Masuo raises particular concern about declining exchanges between China and the outside world: “I am concerned about the recent sharp decline in exchanges between China and the rest of the world, especially with the West.” The result is that genuine dialogue about intentions has become “almost nonexistent.” Chinese researchers, she notes, are reduced to writing reports based on controlled internet information asserting that “Western countries are trying to encircle China to continue their domination.” This dynamic makes miscalculation more likely.
For Japan, this suggests that visibility must be understood not merely as signaling resolve to adversaries but also as maintaining channels through which intentions can be accurately communicated. As Masuo observes, “This is precisely the right moment that we should make the effort to invite Chinese researchers to discuss things over drinks in Japan. It is much cheaper and easier than purchasing defense equipment.”
The Southeast Asian Dimension
Japan’s visibility challenge extends beyond the bilateral U.S.-Japan relationship to encompass the broader Indo-Pacific. Professor Nobuhiro Aizawa of Kyushu University, a specialist in Southeast Asian affairs, provides critical perspective on how Japan is perceived in the Global South.
Aizawa emphasizes the urgency of Japan’s engagement with Southeast Asia: “It is essential that we walk together, and not only walk together, but build a deeper relationship. Rather than a de facto alliance or a security alliance, we must work together with the intention of forming a social alliance with Southeast Asia.”
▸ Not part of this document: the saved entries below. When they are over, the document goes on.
lemma range_projector_split_columns:
  fixes Y S E P :: "complex mat"
  assumes Y: "Y \<in> carrier_mat k (Suc l)" and S: "S \<in> carrier_mat (Suc l) l"
    and E: "E \<in> carrier_mat (Suc l) 1" and SE: "S * cadj S + E * cadj E = 1\<^sub>m (Suc l)"
    and "range_projector (Y * S) P"
  shows "\<exists>P'. range_projector Y P'"
proof -
  have Y0: "Y * S \<in> carrier_mat k l" and a: "Y * E \<in> carrier_mat k 1"
    using Y S E by auto
  obtain P' Z0 Z1 where P': "P' \<in> carrier_mat k k" "cadj P' = P'" "P' * P' = P'"
    and fix_Y0: "P' * (Y * S) = Y * S" and fix_a: "P' * (Y * E) = Y * E"
    and Z0: "Z0 \<in> carrier_mat l k" and Z1: "Z1 \<in> carrier_mat 1 k"
    and P'_eq: "P' = Y * S * Z0 + Y * E * Z1"
    using range_projector_extend_column[OF Y0 a \<open>range_projector (Y * S) P\<close>] by metis
  have "Y * (S * cadj S + E * cadj E) = Y * S * cadj S + Y * E * cadj E"
    using Y S E by (simp add: mult_add_distrib_mat[of Y k "Suc l" _ "Suc l"] assoc_mult_mat_dims)
  then have Y_split: "Y = Y * S * cadj S + Y * E * cadj E"
    using Y SE by simp
  have "P' * Y = P' * (Y * S) * cadj S + P' * (Y * E) * cadj E"
    using Y S E P'(1)
    by (subst Y_split) (simp add: mult_add_distrib_mat[of P' k k _ "Suc l"] assoc_mult_mat_dims)
  then have "P' * Y = Y"
    using fix_Y0 fix_a Y_split by simp
  moreover have "P' = Y * (S * Z0 + E * Z1)"
    using Y S E Z0 Z1 P'_eq
    by (simp add: mult_add_distrib_mat[of Y k "Suc l" _ k] assoc_mult_mat_dims)
  moreover have "S * Z0 + E * Z1 \<in> carrier_mat (Suc l) k"
    using S E Z0 Z1 by simp
  ultimately have "range_projector Y P'"
    using Y P' unfolding range_projector_def by auto
  then show ?thesis ..
qed

lemma range_projector_exists: "\<exists>P. range_projector Y P"
proof -
  have "\<exists>P. range_projector Y P" if "Y \<in> carrier_mat k l" for Y :: "complex mat" and k l
    using that
  proof (induction l arbitrary: Y)
    case 0
    have "0\<^sub>m k k * Y = Y" "Y * 0\<^sub>m 0 k = 0\<^sub>m k k"
      using "0" by (auto intro!: eq_matI simp: scalar_prod_def)
    then have "range_projector Y (0\<^sub>m k k)"
      using "0" unfolding range_projector_def by force
    then show ?case ..
  next
    case (Suc l)
    obtain S E where S: "S \<in> carrier_mat (Suc l) l" and E: "E \<in> carrier_mat (Suc l) 1"
      and SE: "S * cadj S + E * cadj E = 1\<^sub>m (Suc l)"
      using identity_split_last_column by blast
    obtain P where "range_projector (Y * S) P"
      using Suc.IH Suc.prems S by (meson mult_carrier_mat)
    then show ?case
      using range_projector_split_columns[OF Suc.prems S E SE] by blast
  qed
  then show ?thesis by (metis carrier_matI)
qed

section \<open>The Moore--Penrose inverse\<close>

lemma mp_inverse_exists: "\<exists>G. G \<in> gen_inv {1, 2, 3, 4} X"
proof -
  obtain Pc Zc where Pc: "Pc \<in> carrier_mat (dim_row X) (dim_row X)" "cadj Pc = Pc" "Pc * Pc = Pc"
    and PcX: "Pc * X = X" and Zc: "Zc \<in> carrier_mat (dim_col X) (dim_row X)" and PcZ: "Pc = X * Zc"
    using range_projector_exists[of X] range_projectorD by metis
  obtain Pr Zr where Pr: "Pr \<in> carrier_mat (dim_col X) (dim_col X)" "cadj Pr = Pr" "Pr * Pr = Pr"
    and PrX: "Pr * cadj X = cadj X" and Zr: "Zr \<in> carrier_mat (dim_row X) (dim_col X)"
    and PrZ: "Pr = cadj X * Zr"
    using range_projector_exists[of "cadj X"] range_projectorD[of "cadj X"]
    unfolding dim_row_adjoint dim_col_adjoint by metis
  have XPr: "X * Pr = X"
    using arg_cong[OF PrX, of cadj] Pr by (simp add: adjoint_mult)
  have PrZ': "Pr = cadj Zr * X"
    using arg_cong[OF PrZ, of cadj] Pr Zr by (simp add: adjoint_mult)
  define G where "G = Pr * Zc * Pc"
  have G: "G \<in> carrier_mat (dim_col X) (dim_row X)"
    unfolding G_def using Pr Pc Zc by simp
  have XG: "X * G = Pc"
  proof -
    have "X * G = (X * Pr) * Zc * Pc"
      unfolding G_def using Pr Pc Zc by (simp add: assoc_mult_mat_dims)
    also have "\<dots> = Pc"
      using XPr PcZ Pc by simp
    finally show ?thesis .
  qed
  have GX: "G * X = Pr"
  proof -
    have "G * X = cadj Zr * ((X * Zc) * (Pc * X))"
      unfolding G_def PrZ' using Pc Zc Zr by (simp add: assoc_mult_mat_dims)
    also have "\<dots> = Pr"
      using PcX PcZ PrZ' by simp
    finally show ?thesis .
  qed
  have "G * X * G = (Pr * Pr) * Zc * Pc"
    unfolding GX unfolding G_def using Pr(1) Pc(1) Zc by (simp add: assoc_mult_mat_dims)
  then have "G * X * G = G"
    unfolding G_def by (simp only: Pr(3))
  then have "G \<in> gen_inv {1, 2, 3, 4} X"
    unfolding gen_inv_def using G XG GX PcX Pc Pr by simp
  then show ?thesis ..
qed

lemma gen_inv_antimono: "I \<subseteq> J \<Longrightarrow> gen_inv J X \<subseteq> gen_inv I X"
  unfolding gen_inv_def by auto

lemma gen_inv_13_mult_eq:
  assumes G: "G \<in> gen_inv {1, 3} X" and H: "H \<in> gen_inv {1, 3} X"
  shows "X * G = X * H"
proof -
  have dims: "G \<in> carrier_mat (dim_col X) (dim_row X)" "H \<in> carrier_mat (dim_col X) (dim_row X)"
    and XGX: "X * G * X = X" and XHX: "X * H * X = X"
    and herm: "cadj (X * G) = X * G" "cadj (X * H) = X * H"
    using G H unfolding gen_inv_def by auto
  have XhX: "cadj X * (X * H) = cadj X"
    using arg_cong[OF XHX, of cadj] dims herm(2) adjoint_mult[of "X * H" X] adjoint_mult[of X H] by simp
  have "X * G = cadj G * cadj X"
    using herm(1) dims adjoint_mult[of X G] by simp
  also have "\<dots> = (cadj G * cadj X) * (X * H)"
    using dims by (simp add: assoc_mult_mat_dims XhX)
  also have "\<dots> = (X * G * X) * H"
    using herm(1) dims adjoint_mult[of X G] by (simp add: assoc_mult_mat_dims)
  finally show ?thesis
    using XGX by simp
qed

lemma adjoint_in_gen_inv_1234:
  assumes "G \<in> gen_inv {1, 2, 3, 4} X"
  shows "cadj G \<in> gen_inv {1, 2, 3, 4} (cadj X)"
proof -
  have G: "G \<in> carrier_mat (dim_col X) (dim_row X)"
    and penrose: "X * G * X = X" "G * X * G = G" "cadj (X * G) = X * G" "cadj (G * X) = G * X"
    using assms unfolding gen_inv_def by auto
  have "cadj X * cadj G * cadj X = cadj (X * G * X)"
    and "cadj G * cadj X * cadj G = cadj (G * X * G)"
    and "cadj X * cadj G = cadj (G * X)" and "cadj G * cadj X = cadj (X * G)"
    using G by (simp_all add: adjoint_mult assoc_mult_mat_dims)
  then show ?thesis
    using G penrose unfolding gen_inv_def by simp
qed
His most striking recommendation captures the depth of commitment required: “I would even propose that Japan should seek to join ASEAN. If we are to leverage the trust between ASEAN countries and Japan, that has been fostered by the long-standing cooperative relationships cultivated by our predecessors, this ambitious proposal could show and prove the political will in building up a new relationship.”
Aizawa issues a warning about the temporal dimension of this challenge: “There is not much time left for Japan to further tighten relations with Southeast Asia. If anyone in Southeast Asia can think positively about forming a social alliance with Japan there, it is probably people in their 40s today, the group of people who were born in the 1980s and grew up in the 1990s, who at least knew Japan when it still had power.” As this generation ages out of leadership positions, “I believe Japan’s credibility and attractiveness will continue to decline. I think there are only 3-10 years left for Japan to send a signal that it wants to build a stronger relationship with Southeast Asia.”
This assessment underscores that Japan’s visibility challenge is not merely about great power competition but about maintaining relevance across a region where attention and influence are increasingly contested.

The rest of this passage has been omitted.